Lastly, I mentioned mobile version. Looks like it’s free, but it is flagged with “in-game purchases” on Play Store, so just mind that. What exactly you buy in this version I’m not sure, on PC you just pay for the game and that’s it, there’s no in-game stuff to buy.

Half-Life 2

DuckTales Remastered

6/10
15.8 hours
20 of 20 achievements

02 – Intro
09 - Scrooge McDuck's Office
15 – Transylvania
19 – The Moon

Well that’s one more “blast from the past” but slightly worse than Turok.

I hope the audio-visual department got a nice bonus for this game, because this is the strongest aspect of this game. Characters look awesome and the soundtrack is absolutely amazing, what’s neat is you can change it to it’s 8-bit version and hear the original, switch back and hear their recreation. Background visuals look good too when they are drawn, but everything at front and not so far in the back is 3D and quality varies. Most of you will see through the level looks ok, but some models have pretty bad textures.

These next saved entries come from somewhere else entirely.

(* Let $\mathcal H$ be a separable Hilbert space with inner product $\langle\cdot,\cdot\rangle$ and norm $\|\cdot\|$. Let $(X_i,Y_i)$, $i=1,\dots,n$, be i.i.d. $\mathcal H\times\mathbb R$-valued random variables satisfying $Y_i=\alpha+\langle X_i,\beta\rangle+\varepsilon_i$, where $\varepsilon_1,\dots,\varepsilon_n$ are independent of $X_1,\dots,X_n$, i.i.d., centred, with cdf twice differentiable with bounded density and bounded derivative of the density. Let $\hat\varepsilon_j=Y_j-\hat\alpha-\langle X_j,\hat\beta\rangle$. Suppose either (i) $\hat\alpha=\overline Y_n-\langle\overline X_n,\hat\beta\rangle$, $\|\hat\beta-\beta\|=o_{\mathbb P}(n^{-1/4})$, $E\|X_1\|^4<\infty$ and $E[\varepsilon_1^2]<\infty$; or (ii) $\alpha=\hat\alpha=0$, $\|\hat\beta-\beta\|=o_{\mathbb P}(n^{-1/4})$, $E[X_1]=0$ and $E\|X_1\|^2<\infty$. Then $\frac1{\sqrt n}\sum_{j=1}^n(\hat\varepsilon_j-\varepsilon_j)^2=o_{\mathbb P}(1)$.
   Context: $\overline Y_n=\frac1n\sum Y_i$, $\overline X_n=\frac1n\sum X_i$; $\hat\alpha,\hat\beta$ are estimators of $\alpha\in\mathbb R,\beta\in\mathcal H$ computed from the sample. *)

theory Defs
  imports "HOL-Probability.Probability"
begin

definition o_P :: "'a measure \<Rightarrow> (nat \<Rightarrow> 'a \<Rightarrow> real) \<Rightarrow> (nat \<Rightarrow> real) \<Rightarrow> bool" where
  "o_P M Z r \<longleftrightarrow>
     (\<forall>e>0. (\<lambda>n. measure M {\<omega> \<in> space M. e < \<bar>Z n \<omega>\<bar> / r n}) \<longlonglongrightarrow> 0)"

end

theory Submission
  imports Defs "HOL-Real_Asymp.Real_Asymp"
begin

(* Since eps_hat j - eps j = (alpha - ahat) - <X j, bhat - beta>, Cauchy-Schwarz bounds the
   statistic by 2 sqrt n (alpha - ahat)^2 + 2 (sqrt n |bhat - beta|^2) (1/n) sum_j |X j|^2.
   The factor sqrt n |bhat - beta|^2 is o_P(1) by the rate assumption, and the empirical second
   moment is bounded in L^1 (its expectation is E|X 0|^2), so the product is o_P(1).
   In case (ii) the intercept term vanishes. In case (i), alpha - ahat = <Xbar, bhat - beta> - epsbar,
   and sqrt n epsbar^2 has expectation E[eps 0^2] / sqrt n, which tends to 0.
   Neither the independence of X from eps or of the X i among themselves, nor the smoothness of
   the error distribution, nor E X = 0 in case (ii) is needed; of the fourth moment in case (i)
   only the finiteness of E|X 0|^2 is used. *)

lemma square_diff_le: "(p - q)\<^sup>2 \<le> 2 * p\<^sup>2 + 2 * q\<^sup>2" for p q :: real
proof -
  have "0 \<le> (p + q)\<^sup>2" by simp
  then show ?thesis by (simp add: power2_eq_square algebra_simps)
qed

lemma square_inner_le: "(x \<bullet> y)\<^sup>2 \<le> (norm x)\<^sup>2 * (norm y)\<^sup>2"
  using Cauchy_Schwarz_ineq[of x y] by (simp add: power2_norm_eq_inner)

lemma power2_norm_mean_le:
  fixes x :: "nat \<Rightarrow> 'h::real_normed_vector"
  shows "(norm ((1 / real n) *\<^sub>R (\<Sum>i<n. x i)))\<^sup>2 \<le> (\<Sum>i<n. (norm (x i))\<^sup>2) / real n"
proof (cases "n = 0")
  case False
  have "norm ((1 / real n) *\<^sub>R (\<Sum>i<n. x i)) \<le> (\<Sum>i<n. norm (x i)) / real n"
    using norm_sum[of x "{..<n}"] by (simp add: divide_right_mono)
  then have "(norm ((1 / real n) *\<^sub>R (\<Sum>i<n. x i)))\<^sup>2 \<le> ((\<Sum>i<n. norm (x i)) / real n)\<^sup>2"
    by (rule power_mono) simp
  also have "\<dots> = (\<Sum>i<n. norm (x i))\<^sup>2 / (real n)\<^sup>2"
    by (simp add: power_divide)
  also have "\<dots> \<le> (\<Sum>i<n. (norm (x i))\<^sup>2) * real n / (real n)\<^sup>2"
    using sum_squared_le_sum_of_squares[of "\<lambda>i. norm (x i)" "{..<n}"]
    by (simp add: divide_right_mono)
  also have "\<dots> = (\<Sum>i<n. (norm (x i))\<^sup>2) / real n"
    using False by (simp add: power2_eq_square)
  finally show ?thesis .
qed simp

lemma sum_square_diff_inner_le:
  fixes x :: "nat \<Rightarrow> 'h::real_inner"
  shows "(\<Sum>j<n. (c - x j \<bullet> d)\<^sup>2) \<le> 2 * (real n * c\<^sup>2 + (norm d)\<^sup>2 * (\<Sum>j<n. (norm (x j))\<^sup>2))"
proof -
  have "(c - x j \<bullet> d)\<^sup>2 \<le> 2 * c\<^sup>2 + 2 * ((norm d)\<^sup>2 * (norm (x j))\<^sup>2)" for j
  proof -
    have "(x j \<bullet> d)\<^sup>2 \<le> (norm d)\<^sup>2 * (norm (x j))\<^sup>2"
      using square_inner_le[of "x j" d] by (simp add: mult.commute)
    then show ?thesis
      using square_diff_le[of c "x j \<bullet> d"] by linarith
  qed
  then have "(\<Sum>j<n. (c - x j \<bullet> d)\<^sup>2) \<le> (\<Sum>j<n. 2 * c\<^sup>2 + 2 * ((norm d)\<^sup>2 * (norm (x j))\<^sup>2))"
    by (rule sum_mono)
  then show ?thesis
    by (simp add: sum.distrib sum_distrib_left algebra_simps)
qed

I haven’t played original NES game, but it feels the remaster left gameplay mostly untouched. Enemies are very basic, do one thing, are easy to kill but sometimes game likes to throw many of them at once and it’s easy to get hit. Bosses are easy too, tbh I find the levels themselves harder than all of the bosses. You kill everything by jumping on their heads using pogo jump, which you also use to jump on floor that would normally damage you or to reach secrets. There’s one really annoying thing about this pogo jump though… It has it’s own hitbox and it’s a pretty small cane. And it’s possible to not hit someone as you fall down on them, but your character will touch the enemy and get hit. You can also miss the floor, say you land on the edge, the cane landed outside the edge but part of your character did not, so it breaks your pogo jump and you just stand there. It was a cause of a lot of frustration for me with this game at start as I didn’t understood why it was behaving like that.


Example of what you can unlock with the money you collect.


100%-ing this is a small chore, you need to beat this pretty much 3-times and grind a little to unlock all the stuff in vault, but I like some of stuff you unlock. Things like art pieces, drawings, original TV series art and sketches, new and old character models. But like I said unlocking all this is a chore.

The game is overall ok, it’s simple and when the frustrating parts don’t get in the way it can be fun. But I played better and I can only recommend buying this on discount. If you already have this and want to play a platformer, give it a try but don’t expect anything big.